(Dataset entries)

lemma convex_hull_convex_weights:
  assumes "finite A" "y \<in> convex hull A"
  obtains \<beta> where "convex_weights A \<beta> y"
proof -
  obtain u where u: "\<forall>x\<in>A. 0 \<le> u x" "sum u A = 1" "(\<Sum>x\<in>A. u x *\<^sub>R x) = y"
    using assms by (auto simp: convex_hull_finite)
  have "convex_weights A (\<lambda>x. if x \<in> A then u x else 0) y"
    using u by (auto simp: convex_weights_def cong: sum.cong)
  then show ?thesis by (rule that)
qed

lemma supp_setsD:
  assumes "S \<in> supp_sets A y" "finite A"
  shows "S \<subseteq> A" "finite S" "S \<noteq> {}" "y \<in> convex hull S"
proof -
  show "S \<subseteq> A" using assms(1) by (simp add: supp_sets_def)
  then show "finite S" using assms(2) finite_subset by blast
  obtain \<beta> where "\<forall>u\<in>S. 0 < \<beta> u" "sum \<beta> S = 1" "(\<Sum>u\<in>S. \<beta> u *\<^sub>R u) = y"
    using assms(1) by (auto simp: supp_sets_def proper_comb_def)
  then show "S \<noteq> {}" "y \<in> convex hull S"
    using \<open>finite S\<close> by (auto simp: convex_hull_finite intro!: exI[of _ \<beta>] less_imp_le)
qed

lemma supp_setsE:
  assumes "S \<in> supp_sets A y" "finite A"
  obtains \<beta> where "convex_weights A \<beta> y" "\<And>u. u \<in> S \<Longrightarrow> 0 < \<beta> u"
proof -
  obtain \<beta> where \<beta>: "\<forall>u\<in>S. 0 < \<beta> u" "sum \<beta> S = 1" "(\<Sum>u\<in>S. \<beta> u *\<^sub>R u) = y"
    using assms(1) by (auto simp: supp_sets_def proper_comb_def)
  define \<beta>' where "\<beta>' u = (if u \<in> S then \<beta> u else 0)" for u
  have "S \<subseteq> A" using supp_setsD[OF assms] by simp
  then have "sum \<beta>' A = sum \<beta> S" "(\<Sum>u\<in>A. \<beta>' u *\<^sub>R u) = (\<Sum>u\<in>S. \<beta> u *\<^sub>R u)"
    using assms(2) by (simp_all add: \<beta>'_def sum.If_cases Int_absorb1 if_distrib[of "\<lambda>c. c *\<^sub>R _"]
        cong: if_cong)
  then have "convex_weights A \<beta>' y"
    using \<beta> \<open>S \<subseteq> A\<close> by (auto simp: convex_weights_def \<beta>'_def less_imp_le)
  then show ?thesis by (rule that) (use \<beta> in \<open>simp add: \<beta>'_def\<close>)
qed

lemma fw_atom:
  assumes "finite A" "A \<noteq> {}"
  shows "fw_atom g A y \<in> A" "b \<in> A \<Longrightarrow> g y \<bullet> fw_atom g A y \<le> g y \<bullet> b"
proof -
  have "\<exists>a. a \<in> A \<and> (\<forall>b\<in>A. g y \<bullet> a \<le> g y \<bullet> b)"
    using arg_min_if_finite(1)[OF assms] arg_min_least[OF assms] by blast
  then have "fw_atom g A y \<in> A \<and> (\<forall>b\<in>A. g y \<bullet> fw_atom g A y \<le> g y \<bullet> b)"
    unfolding fw_atom_def by (rule someI_ex)
  then show "fw_atom g A y \<in> A" "b \<in> A \<Longrightarrow> g y \<bullet> fw_atom g A y \<le> g y \<bullet> b" by auto
qed

lemma away_atom:
  assumes "finite S" "S \<noteq> {}"
  shows "away_atom g S y \<in> S" "u \<in> S \<Longrightarrow> g y \<bullet> u \<le> g y \<bullet> away_atom g S y"
proof -
  have "\<exists>a. a \<in> S \<and> (\<forall>u\<in>S. g y \<bullet> u \<le> g y \<bullet> a)"
    using arg_min_if_finite(1)[OF assms] arg_min_least[OF assms, of _ "\<lambda>u. - (g y \<bullet> u)"]
    by fastforce
  then have "away_atom g S y \<in> S \<and> (\<forall>u\<in>S. g y \<bullet> u \<le> g y \<bullet> away_atom g S y)"
    unfolding away_atom_def by (rule someI_ex)
  then show "away_atom g S y \<in> S" "u \<in> S \<Longrightarrow> g y \<bullet> u \<le> g y \<bullet> away_atom g S y" by auto
qed

lemma away_atom_ge:
  assumes "S \<in> supp_sets A y" "finite A"
  shows "g y \<bullet> y \<le> g y \<bullet> away_atom g S y"
  using inner_le_on_convex_hull[OF supp_setsD(4)[OF assms]]
    away_atom(2)[OF supp_setsD(2,3)[OF assms]] by blast

lemma pw_away_atom:
  assumes "finite A" "y \<in> convex hull A"
  shows "\<exists>S\<in>supp_sets A y. pw_away_atom g A y = away_atom g S y"
    and "S \<in> supp_sets A y \<Longrightarrow> g y \<bullet> pw_away_atom g A y \<le> g y \<bullet> away_atom g S y"
proof -
  define V where "V = (\<lambda>S. away_atom g S y) ` supp_sets A y"
  obtain \<beta> where "convex_weights A \<beta> y" using convex_hull_convex_weights[OF assms] .
  then have "supp_sets A y \<noteq> {}" using convex_weights_supp_sets[OF assms(1)] by blast
  moreover have "finite (supp_sets A y)"
    using finite_subset[of "supp_sets A y" "Pow A"] assms(1) by (auto simp: supp_sets_def)
  ultimately have "finite V" "V \<noteq> {}" by (auto simp: V_def)
  then have "\<exists>a. a \<in> V \<and> (\<forall>u\<in>V. g y \<bullet> a \<le> g y \<bullet> u)"
    using arg_min_if_finite(1) arg_min_least by metis
  then have "pw_away_atom g A y \<in> V \<and> (\<forall>u\<in>V. g y \<bullet> pw_away_atom g A y \<le> g y \<bullet> u)"
    unfolding pw_away_atom_def Let_def V_def[symmetric] by (rule someI_ex)
  then show "\<exists>S\<in>supp_sets A y. pw_away_atom g A y = away_atom g S y"
    and "S \<in> supp_sets A y \<Longrightarrow> g y \<bullet> pw_away_atom g A y \<le> g y \<bullet> away_atom g S y"
    by (auto simp: V_def)
qed

lemma pairwise_gap_ge:
  assumes "finite A" "y \<in> convex hull A" "z \<in> convex hull A"
  shows "g y \<bullet> (y - z) \<le> g y \<bullet> (pw_away_atom g A y - fw_atom g A y)"
proof -
  have "A \<noteq> {}" using assms(2) by auto
  then have "g y \<bullet> fw_atom g A y \<le> g y \<bullet> z"
    using inner_ge_on_convex_hull[OF assms(3)] fw_atom(2)[OF assms(1)] by metis
  moreover have "g y \<bullet> y \<le> g y \<bullet> pw_away_atom g A y"
    using pw_away_atom(1)[OF assms(1,2), of g] away_atom_ge[OF _ assms(1)] by metis
  ultimately show ?thesis by (simp add: inner_diff_right)
qed

locale fw_problem =
  fixes A :: "'a::real_inner set" and f :: "'a \<Rightarrow> real" and g :: "'a \<Rightarrow> 'a" and U :: "'a set"
  assumes finA: "finite A" and neA: "A \<noteq> {}"
    and U: "open U" "minkowski3 (convex hull A) \<subseteq> U"
    and cvx: "convex_on U f"
    and grad: "\<forall>y\<in>U. (f has_derivative (\<lambda>h. g y \<bullet> h)) (at y)"
    and Cfin: "bdd_above (curv_vals f g (convex hull A))"
begin

abbreviation D :: "'a set" where "D \<equiv> convex hull A"
abbreviation Cf :: real where "Cf \<equiv> curv_const f g D"
abbreviation mu :: real where "mu \<equiv> mu_const f g A"

lemma minkowski_in_U: "a \<in> D \<Longrightarrow> b \<in> D \<Longrightarrow> c \<in> D \<Longrightarrow> a + b - c \<in> U"
  using U(2) unfolding minkowski3_def by blast

lemma D_subset_U: "D \<subseteq> U"
  using minkowski_in_U[of y y y for y] by auto

lemma gradient_ineq: "a \<in> D \<Longrightarrow> b \<in> D \<Longrightarrow> f a + g a \<bullet> (b - a) \<le> f b"
  using convex_on_imp_above_gradient[OF cvx U(1)] grad D_subset_U by blast

lemma minimum_attained:
  obtains xopt where "xopt \<in> D" "(INF y\<in>D. f y) = f xopt" "\<And>y. y \<in> D \<Longrightarrow> f xopt \<le> f y"
proof -
  have "continuous_on D f"
    using grad D_subset_U
    by (intro continuous_at_imp_continuous_on) (auto dest: has_derivative_continuous)
  then obtain xopt where "xopt \<in> D" "\<forall>y\<in>D. f xopt \<le> f y"
    using continuous_attains_inf[OF finite_imp_compact_convex_hull[OF finA]] neA by auto
  moreover then have "(INF y\<in>D. f y) = f xopt" by (intro cInf_eq_minimum) auto
  ultimately show ?thesis using that by blast
qed

lemma curvature_bound:
  assumes "a \<in> D" "b \<in> D" "c \<in> D" "0 < l" "l \<le> 1"
  shows "f (a + l *\<^sub>R (b - c)) \<le> f a + l * (g a \<bullet> (b - c)) + l\<^sup>2 * Cf / 2"
proof -
  have "2 / l\<^sup>2 * (f (a + l *\<^sub>R (b - c)) - f a - l * (g a \<bullet> (b - c))) \<in> curv_vals f g D"
    unfolding curv_vals_def using assms by blast
  then have "2 / l\<^sup>2 * (f (a + l *\<^sub>R (b - c)) - f a - l * (g a \<bullet> (b - c))) \<le> Cf"
    unfolding curv_const_def by (rule cSup_upper[OF _ Cfin])
  then show ?thesis using assms(4) by (simp add: field_simps)
qed

lemma curv_const_nonneg: "0 \<le> Cf"
proof -
  obtain a where "a \<in> D" using neA hull_subset by fastforce
  from curvature_bound[OF this this this, of 1] show ?thesis by simp
qed

lemma mu_vals_nonneg: "z \<in> mu_vals f g A \<Longrightarrow> 0 \<le> z"
  unfolding mu_vals_def using gradient_ineq by fastforce

lemma mu_const_le:
  assumes "y \<in> D" "z \<in> D" "g y \<bullet> (z - y) < 0"
  shows "mu \<le> 2 / (gammaA g A y z)\<^sup>2 * (f z - f y - g y \<bullet> (z - y))"
  unfolding mu_const_def
  by (rule cInf_lower[OF _ bdd_belowI[of _ 0, OF mu_vals_nonneg]])
    (use assms in \<open>auto simp: mu_vals_def\<close>)

lemma mu_const_nonneg: "mu_vals f g A \<noteq> {} \<Longrightarrow> 0 \<le> mu"
  unfolding mu_const_def by (rule cInf_greatest) (auto intro: mu_vals_nonneg)

text \<open>For \<open>x\<^sup>* = y + a (s\<^sub>f(y) - v\<^sub>f(y))\<close>, with \<open>a\<close> the weight of \<open>v\<^sub>f(y)\<close> in a proper representation
  of \<open>y\<close>, one has \<open>\<gamma>\<^sup>A(y, x\<^sup>*) = a\<close>, so the quotient defining \<open>\<mu>\<^sub>f\<^sup>A\<close> is one defining \<open>C\<^sub>f\<^sup>A\<close>.\<close>
lemma mu_const_le_curv_const:
  assumes "mu_vals f g A \<noteq> {}"
  shows "mu \<le> Cf"
proof -
  obtain y z where y: "y \<in> D" "z \<in> D" "g y \<bullet> (z - y) < 0"
    using assms unfolding mu_vals_def by blast
  define s p where "s = fw_atom g A y" and "p = pw_away_atom g A y"
  define r where "r = g y \<bullet> (p - s)"
  have "0 < r"
    using pairwise_gap_ge[OF finA y(1,2), of g] y(3)
      by (simp add: r_def s_def p_def inner_diff_right)
  obtain S where S: "S \<in> supp_sets A y" "p = away_atom g S y"
    using pw_away_atom(1)[OF finA y(1), of g] by (auto simp: p_def)
  then have "p \<in> S" using away_atom(1) supp_setsD(2,3)[OF S(1) finA] by metis
  obtain \<beta> where \<beta>: "convex_weights A \<beta> y" "\<And>u. u \<in> S \<Longrightarrow> 0 < \<beta> u"
    using supp_setsE[OF S(1) finA] by blast
  define a where "a = \<beta> p"
  have a: "0 < a" "a \<le> 1" using \<beta> \<open>p \<in> S\<close> convex_weights_le_one[OF finA] by (auto simp: a_def)
  have "p \<in> A" "s \<in> A" using \<open>p \<in> S\<close> supp_setsD(1)[OF S(1) finA] fw_atom(1)[OF finA neA]
    by (auto simp: s_def)
  define w where "w = y + a *\<^sub>R (s - p)"
  have "w \<in> D" unfolding w_def using convex_weights_move[OF finA \<beta>(1) \<open>p \<in> A\<close> \<open>s \<in> A\<close>] a
    by (simp add: a_def)
  have gw: "g y \<bullet> (w - y) = - (a * r)" by (simp add: w_def r_def inner_diff_right algebra_simps)
  have "gammaA g A y w = a"
    using \<open>0 < r\<close> gw by (simp add: gammaA_def r_def s_def p_def inner_diff_right field_simps)
  then have "mu \<le> 2 / a\<^sup>2 * (f w - f y - g y \<bullet> (w - y))"
    using mu_const_le[OF y(1) \<open>w \<in> D\<close>] gw \<open>0 < r\<close> a by (simp add: mult_pos_pos)
  also have "\<dots> \<le> Cf"
    using curvature_bound[OF y(1) hull_inc[OF \<open>s \<in> A\<close>] hull_inc[OF \<open>p \<in> A\<close>] a] a(1) gw
    by (simp add: w_def r_def inner_diff_right field_simps)
  finally show ?thesis .
qed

## Directions
Of all the entries above, retype exactly the lines from the line with "using assms unfolding" to the line with "using pw_away_atom(1)[OF finA", both included, and no others.

## The completed task
    using assms unfolding mu_vals_def by blast
  define s p where "s = fw_atom g A y" and "p = pw_away_atom g A y"
  define r where "r = g y \<bullet> (p - s)"
  have "0 < r"
    using pairwise_gap_ge[OF finA y(1,2), of g] y(3)
      by (simp add: r_def s_def p_def inner_diff_right)
  obtain S where S: "S \<in> supp_sets A y" "p = away_atom g S y"
    using pw_away_atom(1)[OF finA y(1), of g] by (auto simp: p_def)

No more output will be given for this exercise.